(* Consider the controlled SEIR system described in the context. The set $$\mathbb{X}_f:=\Big\{(S,E,I)\in\Pi:\ S\le \tfrac{\gamma_{\mathrm{nom}}}{\beta_{\mathrm{nom}}},\ I\le I_{\max},\ E\le \tfrac{\gamma_{\mathrm{nom}}}{\eta}I_{\max}\Big\}\cup\mathcal{E}$$ is contained in $\mathcal{M}$. Moreover, for every $x_0\in\mathbb{X}_f$ and every $u\in\mathcal{U}$, the compartments $E$ and $I$ of $x(\cdot;x_0,u)$ decay exponentially, i.e., there exist constants $c\ge0$ and $\lambda>0$ with $E(t)+I(t)\le c\,e^{-\lambda t}$ for all $t\ge 0$.
   Context: Fix parameters $\eta>0$, $0<\beta_{\min}\le\beta_{\mathrm{nom}}$, $0<\gamma_{\mathrm{nom}}\le\gamma_{\max}<\infty$ and $I_{\max}\in(0,1)$. Let $U:=[\beta_{\min},\beta_{\mathrm{nom}}]\times[\gamma_{\mathrm{nom}},\gamma_{\max}]$ and let $\mathcal{U}$ be the set of measurable, locally integrable functions $u=(\beta,\gamma):[0,\infty)\to U$. Let $\Pi:=\{(S,E,I)\in[0,1]^3: S+E+I\le 1\}$. For $x_0\in\Pi$ and $u\in\mathcal{U}$, $x(\cdot;x_0,u)=(S,E,I)$ denotes the unique solution of $\dot S=-\beta(t)SI$, $\dot E=\beta(t)SI-\eta E$, $\dot I=\eta E-\gamma(t)I$ with $x(0)=x_0$; it stays in $\Pi$. Let $G_\Pi:=\{(S,E,I)\in\Pi: I\le I_{\max}\}$ and $\mathcal{M}:=\{x_0\in G_\Pi: x(t;x_0,u)\in G_\Pi\ \forall t\ge0,\ \forall u\in\mathcal{U}\}$ (maximal robust positively invariant set). The set of disease-free equilibria is $\mathcal{E}:=\{(S,0,0): S\in[0,1]\}$. *)

theory Defs
  imports "HOL-Analysis.Analysis"
begin

type_synonym state = "real \<times> real \<times> real"   (* (S, E, I) *)
type_synonym control = "real \<times> real"          (* (beta, gamma) *)

definition seir_rhs :: "real \<Rightarrow> control \<Rightarrow> state \<Rightarrow> state" where
  "seir_rhs eta u x = (case x of (S, E, I) \<Rightarrow> case u of (b, g) \<Rightarrow>
      (- b * S * I, b * S * I - eta * E, eta * E - g * I))"

definition Uset :: "real \<Rightarrow> real \<Rightarrow> real \<Rightarrow> real \<Rightarrow> control set" where
  "Uset bmin bnom gnom gmax = {bmin..bnom} \<times> {gnom..gmax}"

definition admissible :: "real \<Rightarrow> real \<Rightarrow> real \<Rightarrow> real \<Rightarrow> (real \<Rightarrow> control) \<Rightarrow> bool" where
  "admissible bmin bnom gnom gmax u \<longleftrightarrow>
     u \<in> borel_measurable (restrict_space lborel {0..}) \<and>
     (\<forall>T\<ge>0. u integrable_on {0..T}) \<and>
     (\<forall>t\<ge>0. u t \<in> Uset bmin bnom gnom gmax)"

definition is_sol :: "real \<Rightarrow> (real \<Rightarrow> control) \<Rightarrow> state \<Rightarrow> (real \<Rightarrow> state) \<Rightarrow> bool" where
  "is_sol eta u x0 x \<longleftrightarrow> x 0 = x0 \<and>
     (\<forall>t\<ge>0. ((\<lambda>s. seir_rhs eta (u s) (x s)) has_integral (x t - x0)) {0..t})"

definition Pi_set :: "state set" where
  "Pi_set = {(S, E, I). 0 \<le> S \<and> S \<le> 1 \<and> 0 \<le> E \<and> E \<le> 1 \<and> 0 \<le> I \<and> I \<le> 1 \<and> S + E + I \<le> 1}"

definition G_Pi :: "real \<Rightarrow> state set" where
  "G_Pi Imax = {x \<in> Pi_set. snd (snd x) \<le> Imax}"

definition MRPI :: "real \<Rightarrow> real \<Rightarrow> real \<Rightarrow> real \<Rightarrow> real \<Rightarrow> real \<Rightarrow> state set" where
  "MRPI eta bmin bnom gnom gmax Imax =
     {x0 \<in> G_Pi Imax. \<forall>u. admissible bmin bnom gnom gmax u \<longrightarrow>
        (\<forall>x. is_sol eta u x0 x \<longrightarrow> (\<forall>t\<ge>0. x t \<in> G_Pi Imax))}"

definition DFE :: "state set" where
  "DFE = {(S, 0, 0) | S. 0 \<le> S \<and> S \<le> 1}"

definition Xf :: "real \<Rightarrow> real \<Rightarrow> real \<Rightarrow> real \<Rightarrow> state set" where
  "Xf eta bnom gnom Imax =
     {(S, E, I) \<in> Pi_set. S \<le> gnom / bnom \<and> I \<le> Imax \<and> E \<le> gnom / eta * Imax} \<union> DFE"

end

theory Submission
  imports Defs
begin

(* Whenever one of the constraints 0 <= S, 0 <= E, 0 <= I, S + E + I <= 1 is violated, its rate of
   change is bounded by a multiple of the total violation; as the total violation is zero initially,
   a Gronwall argument keeps it zero, so Pi is invariant. S is then nonincreasing, so S <= gnom/bnom
   persists and bounds the infection rate beta S I by gamma I; the same argument then keeps
   E <= gnom Imax / eta and I <= Imax. For the decay: if S is constant on [0,1], then I and E vanish
   there, and a disease-free state stays disease-free (Gronwall for E + I). Otherwise S(1) < gnom/bnom,
   and from time 1 on V = E + c I with a suitable c < 1 satisfies V' <= -lam V. Solutions are only
   given in integral form, so all comparison arguments are phrased with integrals. *)

lemma continuous_on_if_has_integral_diff:
  fixes h F :: "real \<Rightarrow> real"
  assumes "\<And>t. t \<in> {a..b} \<Longrightarrow> (h has_integral (F t - F a)) {a..t}"
  shows "continuous_on {a..b} F"
proof (cases "a \<le> b")
  case True
  have "h integrable_on {a..b}"
    using assms[of b] True has_integral_integrable by fastforce
  then have "continuous_on {a..b} (\<lambda>t. F a + integral {a..t} h)"
    by (intro continuous_intros indefinite_integral_continuous_1)
  moreover have "F a + integral {a..t} h = F t" if "t \<in> {a..b}" for t
    using integral_unique[OF assms[OF that]] by simp
  ultimately show ?thesis
    by (rule continuous_on_eq)
qed simp

lemma has_integral_diff_subinterval:
  fixes h F :: "real \<Rightarrow> real"
  assumes "\<And>s. s \<in> {a..b} \<Longrightarrow> (h has_integral (F s - F a)) {a..s}"
    and "a \<le> c" "c \<le> t" "t \<le> b"
  shows "(h has_integral (F t - F c)) {c..t}"
proof -
  have h_int: "h integrable_on {a..t}"
    using assms by (meson atLeastAtMost_iff has_integral_integrable order_trans)
  have "integral {a..c} h + integral {c..t} h = integral {a..t} h"
    using Henstock_Kurzweil_Integration.integral_combine[OF assms(2,3) h_int] .
  moreover have "integral {a..c} h = F c - F a" "integral {a..t} h = F t - F a"
    using assms by (auto intro: integral_unique)
  moreover have "h integrable_on {c..t}"
    using integrable_subinterval_real[OF h_int] assms(2) by simp
  ultimately show ?thesis
    by (simp add: has_integral_iff)
qed

lemma gronwall_zero:
  fixes w :: "real \<Rightarrow> real"
  assumes w_cont: "continuous_on {a..b} w"
    and w_nonneg: "\<And>s. s \<in> {a..b} \<Longrightarrow> 0 \<le> w s"
    and w_le: "\<And>s. s \<in> {a..b} \<Longrightarrow> w s \<le> K * integral {a..s} w"
    and t: "t \<in> {a..b}"
  shows "w t = 0"
proof -
  define W where "W s = integral {a..s} w" for s
  define G where "G s = exp (- K * s) * W s" for s
  have G': "(G has_vector_derivative exp (- K * s) * (w s - K * W s)) (at s within {a..t})"
    if "s \<in> {a..t}" for s
  proof -
    have "continuous_on {a..t} w"
      using w_cont t continuous_on_subset by fastforce
    then have "(W has_real_derivative w s) (at s within {a..t})"
      unfolding W_def using that by (rule integral_has_real_derivative)
    then have "(G has_real_derivative exp (- K * s) * (w s - K * W s)) (at s within {a..t})"
      unfolding G_def by (auto intro!: derivative_eq_intros simp: algebra_simps)
    then show ?thesis
      by (simp add: has_real_derivative_iff_has_vector_derivative)
  qed
  have "a \<le> t" using t by simp
  have "((\<lambda>s. exp (- K * s) * (w s - K * W s)) has_integral (G t - G a)) {a..t}"
    using fundamental_theorem_of_calculus[OF \<open>a \<le> t\<close> G'] .
  moreover have "exp (- K * s) * (w s - K * W s) \<le> 0" if "s \<in> {a..t}" for s
  proof -
    have "w s - K * W s \<le> 0"
      using w_le[of s] that t unfolding W_def by auto
    then show ?thesis
      by (intro mult_nonneg_nonpos) auto
  qed
  ultimately have "G t - G a \<le> 0"
    by (rule has_integral_le[OF _ has_integral_0])
  moreover have "G a = 0"
    by (simp add: G_def W_def)
  ultimately have "W t \<le> 0"
    by (simp add: G_def mult_le_0_iff)
  moreover have "0 \<le> W t"
    unfolding W_def using t w_nonneg
    by (intro integral_nonneg integrable_continuous_interval continuous_on_subset[OF w_cont]) auto
  ultimately have "integral {a..t} w = 0"
    by (simp add: W_def)
  then show ?thesis
    using w_le[OF t] w_nonneg[OF t] by simp
qed

lemma last_nonpos_point:
  fixes y :: "real \<Rightarrow> real"
  assumes y_cont: "continuous_on {a..t} y" and y_a: "y a \<le> 0" and "a \<le> t"
  obtains t0 where "a \<le> t0" "t0 \<le> t" "y t0 \<le> 0" "\<And>s. s \<in> {t0<..t} \<Longrightarrow> 0 < y s"
proof -
  define Z where "Z = {a..t} \<inter> y -` {..0}"
  have "closed Z"
    unfolding Z_def using y_cont by (intro continuous_closed_preimage) auto
  moreover have Z_bdd: "bdd_above Z" and "a \<in> Z"
    unfolding Z_def using \<open>a \<le> t\<close> y_a by (auto intro: bdd_aboveI[of _ t])
  ultimately have "Sup Z \<in> Z"
    using closed_contains_Sup by blast
  moreover have "0 < y s" if "s \<in> {Sup Z<..t}" for s
  proof (rule ccontr)
    assume "\<not> 0 < y s"
    then have "s \<in> Z"
      using that \<open>Sup Z \<in> Z\<close> unfolding Z_def by auto
    then have "s \<le> Sup Z"
      using Z_bdd by (rule cSup_upper)
    with that show False
      by simp
  qed
  ultimately show ?thesis
    using that unfolding Z_def by auto
qed

lemma le_integral_if_bounded_where_pos:
  fixes y h g :: "real \<Rightarrow> real"
  assumes y_eq: "\<And>s. s \<in> {a..b} \<Longrightarrow> (h has_integral (y s - y a)) {a..s}"
    and y_a: "y a \<le> 0"
    and g_cont: "continuous_on {a..b} g" and g_nonneg: "\<And>s. s \<in> {a..b} \<Longrightarrow> 0 \<le> g s"
    and h_le: "\<And>s. s \<in> {a..b} \<Longrightarrow> 0 < y s \<Longrightarrow> h s \<le> g s"
    and t: "t \<in> {a..b}"
  shows "y t \<le> integral {a..t} g"
proof -
  have g_int: "g integrable_on {c..d}" if "a \<le> c" "d \<le> b" for c d
    using that by (intro integrable_continuous_interval continuous_on_subset[OF g_cont]) auto
  have "continuous_on {a..t} y"
    using continuous_on_if_has_integral_diff[of a b h y] y_eq t continuous_on_subset by fastforce
  \<comment> \<open>Integrate from the last time t0 before t at which y is still nonpositive.\<close>
  then obtain t0 where t0: "a \<le> t0" "t0 \<le> t" "y t0 \<le> 0" and y_pos: "\<And>s. s \<in> {t0<..t} \<Longrightarrow> 0 < y s"
    using y_a t by (elim last_nonpos_point) auto
  have "(h has_integral (y t - y t0)) {t0<..<t}"
    using has_integral_diff_subinterval[where b=b, OF y_eq t0(1,2)] t
    by (simp add: has_integral_Icc_iff_Ioo)
  moreover have "(g has_integral integral {t0..t} g) {t0<..<t}"
    using g_int[of t0 t] t t0 by (simp flip: has_integral_Icc_iff_Ioo add: has_integral_integral)
  ultimately have "y t - y t0 \<le> integral {t0..t} g"
    by (rule has_integral_le) (use y_pos h_le t t0 in auto)
  also have "\<dots> \<le> integral {a..t} g"
    using t t0 g_nonneg by (intro integral_subset_le g_int) auto
  finally show ?thesis
    using t0(3) by linarith
qed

····················

- [BRIEF]: Copy, word for word, the line that contains "by (rule has_integral_le)" and every line after it through the end of the records, and nothing else.

- [FINISHED EXERCISE]:
    by (rule has_integral_le) (use y_pos h_le t t0 in auto)
  also have "\<dots> \<le> integral {a..t} g"
    using t t0 g_nonneg by (intro integral_subset_le g_int) auto
  finally show ?thesis
    using t0(3) by linarith
qed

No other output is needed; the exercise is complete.